Now we have produced 3 different fits of the same data (ignoring the RCS(5) fit given to show what a spline function is): a) cubic polynomial; b) RCs(4), default knots; c) RCS(4), knots at age 10, 20 35, 45. Visually, it’s clearly that b) gives the better fit, so this is the one we’ll choose. There are many other fits you could get by playing with the number of knots and their location, so you could add them to the list. There is a way to compare such models that are not nested, we defer the explanation to week 8 but hopefully the approach agrees with the visual impression.

Interpretation

There are several ways you can interpret the results after fitting a spline model to the data and concluding that splines are indeed necessary. Let’s for instance consider the RCS(4) model used for the triceps data. The simplest (and possibly most common) way is to display a plot like Figure 7.2 or only the spline function with its 95% CI and interpret it qualitatively. Here log-thickness decreases with age until the age of 8-9 and starts to increase again to reach a maximum slighlty above 2.5 around 30-35. From then on, it does not change much with a very slow reduction as women get older (up to the maximum age in the data, i.e. 52).

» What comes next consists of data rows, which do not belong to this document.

lemma lookup_upper_component:
  "Poly_Mapping.lookup (upper_component s d p) e = (if upper_exp s e = d then Poly_Mapping.lookup p e else 0)"
proof -
  have "finite {e. (if upper_exp s e = d then Poly_Mapping.lookup p e else 0) \<noteq> 0}"
    by (rule finite_subset[of _ "Poly_Mapping.keys p"]) (auto simp: in_keys_iff)
  then show ?thesis unfolding upper_component_def by simp
qed

lemma upper_component_add:
  "upper_component s d (p + q) = upper_component s d p + upper_component s d q"
  by (rule poly_mapping_eqI) (simp add: lookup_upper_component lookup_add)

lemma upper_component_0 [simp]: "upper_component s d 0 = 0"
  by (rule poly_mapping_eqI) (simp add: lookup_upper_component)

lemma upper_component_sum: "upper_component s d (sum f A) = (\<Sum>x\<in>A. upper_component s d (f x))"
  by (induction A rule: infinite_finite_induct) (simp_all add: upper_component_add)

lemma keys_upper_component:
  "Poly_Mapping.keys (upper_component s d p) = {e \<in> Poly_Mapping.keys p. upper_exp s e = d}"
  by (auto simp: in_keys_iff lookup_upper_component split: if_splits)

lemma upper_component_eq_self:
  "(\<And>e. e \<in> Poly_Mapping.keys p \<Longrightarrow> upper_exp s e = d) \<Longrightarrow> upper_component s d p = p"
  by (rule poly_mapping_eqI) (auto simp: lookup_upper_component in_keys_iff)

lemma upper_component_eq_0:
  "(\<And>e. e \<in> Poly_Mapping.keys p \<Longrightarrow> upper_exp s e \<noteq> d) \<Longrightarrow> upper_component s d p = 0"
  by (rule poly_mapping_eqI) (auto simp: lookup_upper_component in_keys_iff)

lemma upper_component_notin: "d \<notin> upper_degs s p \<Longrightarrow> upper_component s d p = 0"
  by (rule upper_component_eq_0) (auto simp: upper_degs_def)

lemma sum_upper_component: "(\<Sum>d\<in>upper_degs s p. upper_component s d p) = p"
proof (rule poly_mapping_eqI)
  fix e
  have "Poly_Mapping.lookup (\<Sum>d\<in>upper_degs s p. upper_component s d p) e
       = (\<Sum>d\<in>upper_degs s p. if upper_exp s e = d then Poly_Mapping.lookup p e else 0)"
    by (simp add: lookup_sum lookup_upper_component)
  also have "\<dots> = Poly_Mapping.lookup p e"
    by (auto simp: upper_degs_def in_keys_iff)
  finally show "Poly_Mapping.lookup (\<Sum>d\<in>upper_degs s p. upper_component s d p) e = Poly_Mapping.lookup p e" .
qed

lemma upper_component_mult_homog:
  assumes "\<And>e. e \<in> Poly_Mapping.keys p \<Longrightarrow> upper_exp s e = d1"
    and "\<And>e. e \<in> Poly_Mapping.keys q \<Longrightarrow> upper_exp s e = d2"
  shows "upper_component s d (p * q) = (if d1 + d2 = d then p * q else 0)"
proof -
  have "upper_exp s e = d1 + d2" if e: "e \<in> Poly_Mapping.keys (p * q)" for e
  proof -
    obtain a b where "e = a + b" "a \<in> Poly_Mapping.keys p" "b \<in> Poly_Mapping.keys q"
      using keys_mult[of p q] e by blast
    then show ?thesis using assms by (simp add: upper_exp_add)
  qed
  then show ?thesis by (auto intro: upper_component_eq_self upper_component_eq_0)
qed

lemma upper_component_mult:
  "upper_component s d (p * q) = (\<Sum>d1\<in>upper_degs s p. \<Sum>d2\<in>upper_degs s q.
      if d1 + d2 = d then upper_component s d1 p * upper_component s d2 q else 0)"
proof -
  have "p * q = (\<Sum>d1\<in>upper_degs s p. upper_component s d1 p) * (\<Sum>d2\<in>upper_degs s q. upper_component s d2 q)"
    by (simp only: sum_upper_component)
  also have "\<dots> = (\<Sum>d1\<in>upper_degs s p. \<Sum>d2\<in>upper_degs s q. upper_component s d1 p * upper_component s d2 q)"
    by (rule sum_product)
  finally have pq: "p * q = \<dots>" .
  show ?thesis
    unfolding pq upper_component_sum
    by (intro sum.cong refl upper_component_mult_homog) (simp_all add: keys_upper_component)
qed

lemma upper_component_mult_upper_homog:
  assumes "\<And>e. e \<in> Poly_Mapping.keys f \<Longrightarrow> upper_exp s e = c"
  shows "upper_component s (d + c) (p * f) = upper_component s d p * f"
proof -
  have "p * f = (\<Sum>d1\<in>upper_degs s p. upper_component s d1 p) * f"
    by (simp only: sum_upper_component)
  then have "upper_component s (d + c) (p * f)
      = (\<Sum>d1\<in>upper_degs s p. upper_component s (d + c) (upper_component s d1 p * f))"
    by (simp only: sum_distrib_right upper_component_sum)
  also have "\<dots> = (\<Sum>d1\<in>upper_degs s p. if d1 = d then upper_component s d1 p * f else 0)"
  proof (rule sum.cong)
    fix d1
    have "upper_component s (d + c) (upper_component s d1 p * f)
        = (if d1 + c = d + c then upper_component s d1 p * f else 0)"
      using assms by (intro upper_component_mult_homog) (simp_all add: keys_upper_component)
    then show "upper_component s (d + c) (upper_component s d1 p * f)
        = (if d1 = d then upper_component s d1 p * f else 0)" by simp
  qed simp
  also have "\<dots> = upper_component s d p * f"
    by (simp add: upper_component_notin)
  finally show ?thesis .
qed

lemma upper_coeff_0 [simp]: "upper_coeff s d 0 = 0"
  by (simp add: upper_coeff_def)

lemma upper_coeff_add: "upper_coeff s d (p + q) = upper_coeff s d p + upper_coeff s d q"
  by (simp add: upper_coeff_def upper_component_add upper_to_one_add)

lemma upper_coeff_in_polyring: "upper_coeff s d p \<in> polyring {..<s}"
  by (simp add: upper_coeff_def upper_to_one_in_polyring)

lemma upper_coeff_notin: "d \<notin> upper_degs s p \<Longrightarrow> upper_coeff s d p = 0"
  by (simp add: upper_coeff_def upper_component_notin)

lemma upper_coeff_mult:
  "upper_coeff s d (p * q) = (\<Sum>d1\<in>upper_degs s p. \<Sum>d2\<in>upper_degs s q.
      if d1 + d2 = d then upper_coeff s d1 p * upper_coeff s d2 q else 0)"
  unfolding upper_coeff_def upper_component_mult
  by (simp add: upper_to_one_sum if_distrib[of "upper_to_one s"] upper_to_one_mult cong: if_cong)

lemma upper_coeff_lower:
  assumes "r \<in> polyring {..<s}"
  shows "upper_coeff s d r = (if d = 0 then r else 0)"
proof -
  have "upper_exp s e = 0" if "e \<in> Poly_Mapping.keys r" for e
    using assms that by (auto simp: polyring_def upper_exp_eq_0)
  then have "upper_component s d r = (if d = 0 then r else 0)"
    by (auto intro: upper_component_eq_self upper_component_eq_0)
  then show ?thesis using assms by (simp add: upper_coeff_def upper_to_one_eq_self)
qed

lemma upper_coeff_1: "upper_coeff s d (1 :: 'a::comm_ring_1 mpoly) = (if d = 0 then 1 else 0)"
  by (simp add: upper_coeff_lower subring_one[OF subring_polyring])

lemma upper_coeff_mult_lower:
  assumes "r \<in> polyring {..<s}"
  shows "upper_coeff s d (p * r) = upper_coeff s d p * r"
proof -
  have "upper_component s (d + 0) (p * r) = upper_component s d p * r"
    using assms by (intro upper_component_mult_upper_homog) (auto simp: polyring_def upper_exp_eq_0)
  then show ?thesis using assms by (simp add: upper_coeff_def upper_to_one_mult upper_to_one_eq_self)
qed

lemma upper_coeff_mult_upper_mmonom:
  assumes "Poly_Mapping.keys c \<subseteq> {s..}"
  shows "upper_coeff s (d + c) (p * mmonom c) = upper_coeff s d p"
proof -
  have "upper_component s (d + c) (p * mmonom c) = upper_component s d p * mmonom c"
    using assms by (intro upper_component_mult_upper_homog) (simp add: mmonom_def upper_exp_eq_self)
  then show ?thesis using assms by (simp add: upper_coeff_def upper_to_one_mult upper_to_one_mmonom)
qed

lemma upper_coeff_mmonom:
  "Poly_Mapping.keys c \<subseteq> {s..} \<Longrightarrow> upper_coeff s c (mmonom c :: 'a::comm_ring_1 mpoly) = 1"
  using upper_coeff_mult_upper_mmonom[of c s 0 "1 :: 'a mpoly"] by (simp add: upper_coeff_1)

lemma upper_coeff_expansion: "p = (\<Sum>d\<in>upper_degs s p. upper_coeff s d p * mmonom d)"
proof -
  have "upper_coeff s d p * mmonom d = upper_component s d p" for d
  proof -
    have "upper_coeff s d p * mmonom d
        = (\<Sum>e\<in>Poly_Mapping.keys (upper_component s d p).
             Poly_Mapping.single (lower_exp s e + d) (Poly_Mapping.lookup (upper_component s d p) e))"
      by (simp add: upper_coeff_def upper_to_one_def map_exps_def mmonom_def sum_distrib_right mult_single)
    also have "\<dots> = upper_component s d p"
      by (subst (2) poly_mapping_sum_single, rule sum.cong)
        (auto simp: keys_upper_component lower_plus_upper_exp)
    finally show ?thesis .
  qed
  then show ?thesis by (simp add: sum_upper_component)
qed

section \<open>Extended ideals\<close>

definition extended_ideal :: "nat set \<Rightarrow> nat \<Rightarrow> 'a::comm_ring_1 mpoly set \<Rightarrow> 'a mpoly set" where
  "extended_ideal V s M = {p \<in> polyring V. \<forall>d. upper_coeff s d p \<in> M}"

lemma ideal_in_extended_ideal:
  assumes M: "ideal_in (polyring {..<s}) M"
  shows "ideal_in (polyring V) (extended_ideal V s M)"
  unfolding ideal_in_def[of _ "extended_ideal V s M"]
proof (intro conjI ballI)
  show "extended_ideal V s M \<subseteq> polyring V" by (auto simp: extended_ideal_def)
  show "0 \<in> extended_ideal V s M"
    using ideal_in_zero[OF M] by (simp add: extended_ideal_def subring_zero[OF subring_polyring])
  fix a b assume "a \<in> extended_ideal V s M" "b \<in> extended_ideal V s M"
  then show "a + b \<in> extended_ideal V s M"
    using ideal_in_add[OF M] by (simp add: extended_ideal_def subring_add[OF subring_polyring] upper_coeff_add)
next
  fix r a :: "'a mpoly" assume r: "r \<in> polyring V" and a: "a \<in> extended_ideal V s M"
  have "upper_coeff s d (r * a) \<in> M" for d
    unfolding upper_coeff_mult
    using a ideal_in_zero[OF M] ideal_in_mult_left[OF M upper_coeff_in_polyring]
    by (intro ideal_in_sum[OF M]) (simp add: extended_ideal_def)
  then show "r * a \<in> extended_ideal V s M"
    using r a by (simp add: extended_ideal_def subring_mult[OF subring_polyring])
qed

lemma ideal_pow_subset_extended_ideal:
  assumes M: "ideal_in (polyring {..<s}) M" and L: "L \<subseteq> extended_ideal V s M"
  shows "ideal_pow (polyring V) L j \<subseteq> extended_ideal V s (ideal_pow (polyring {..<s}) M j)"
proof (induction j)
  case 0
  show ?case by (simp add: extended_ideal_def upper_coeff_in_polyring)
next
  case (Suc j)
  have Mj: "ideal_in (polyring {..<s}) (ideal_pow (polyring {..<s}) M (Suc j))"
    by (rule ideal_in_ideal_pow[OF subring_polyring M])
  show ?case
  proof (rule ideal_pow_Suc_least[OF ideal_in_extended_ideal[OF Mj]])
    fix a b assume "a \<in> ideal_pow (polyring V) L j" and "b \<in> L"
    then have a: "a \<in> extended_ideal V s (ideal_pow (polyring {..<s}) M j)"
      and b: "b \<in> extended_ideal V s M"
      using Suc L by blast+
    have "upper_coeff s d1 a * upper_coeff s d2 b \<in> ideal_pow (polyring {..<s}) M (Suc j)" for d1 d2
      using a b by (intro ideal_pow_Suc_mult) (simp_all add: extended_ideal_def)
    then have "upper_coeff s d (a * b) \<in> ideal_pow (polyring {..<s}) M (Suc j)" for d
      unfolding upper_coeff_mult using ideal_in_zero[OF Mj]
      by (intro ideal_in_sum[OF Mj]) (simp del: ideal_pow.simps)
    moreover have "a * b \<in> polyring V"
      using a b by (simp add: extended_ideal_def subring_mult[OF subring_polyring])
    ultimately show "a * b \<in> extended_ideal V s (ideal_pow (polyring {..<s}) M (Suc j))"
      by (simp add: extended_ideal_def del: ideal_pow.simps)
  qed
qed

The second way is to try to quantify the relationship. One might wonder what the average change in log-thickness per each additional year of age is? The problem is more complicated than usual as we have fitted a function of age, $f (a g e) = b_{0} + b_{1} a g e + b_{2} S_{2} (a g e) + b_{3} S_{3} (a g e)$ . Any increment of age will also affect the spline functions $S_{2} (a g e)$ and $S_{3} (a g e)$ so we can not interpet each coefficient separately. However, the same principle applies and, at least theoretially, we can compute the marginal change in log-thickness associated with a i year increment. To make things simpler, let’s choose a particular age, say 10. What we need to do is compute the (expected) change in log-thickness for a change in age from 10 to 11. This amounts to computing the difference: $d = f (11) - f (10) = b_{1} + b_{2} [S_{2} (11) - S_{2} (10)] + b_{3} [S_{3} (11) - S_{3} (10)]$ . This is a linear combination of the model coefficients $b_{1}$ , $b_{2}$ , $b_{3}$ so in principle we should be able to estimate this but the difficulty is to get the ``weights” $w_{2} = S_{2} (11) - S_{2} (10)$ and $w_{3} = S_{3} (11) - S_{3} (10)$ that involve the spline basis functions. The weight of age in $f (a g e)$ is always one here by construction.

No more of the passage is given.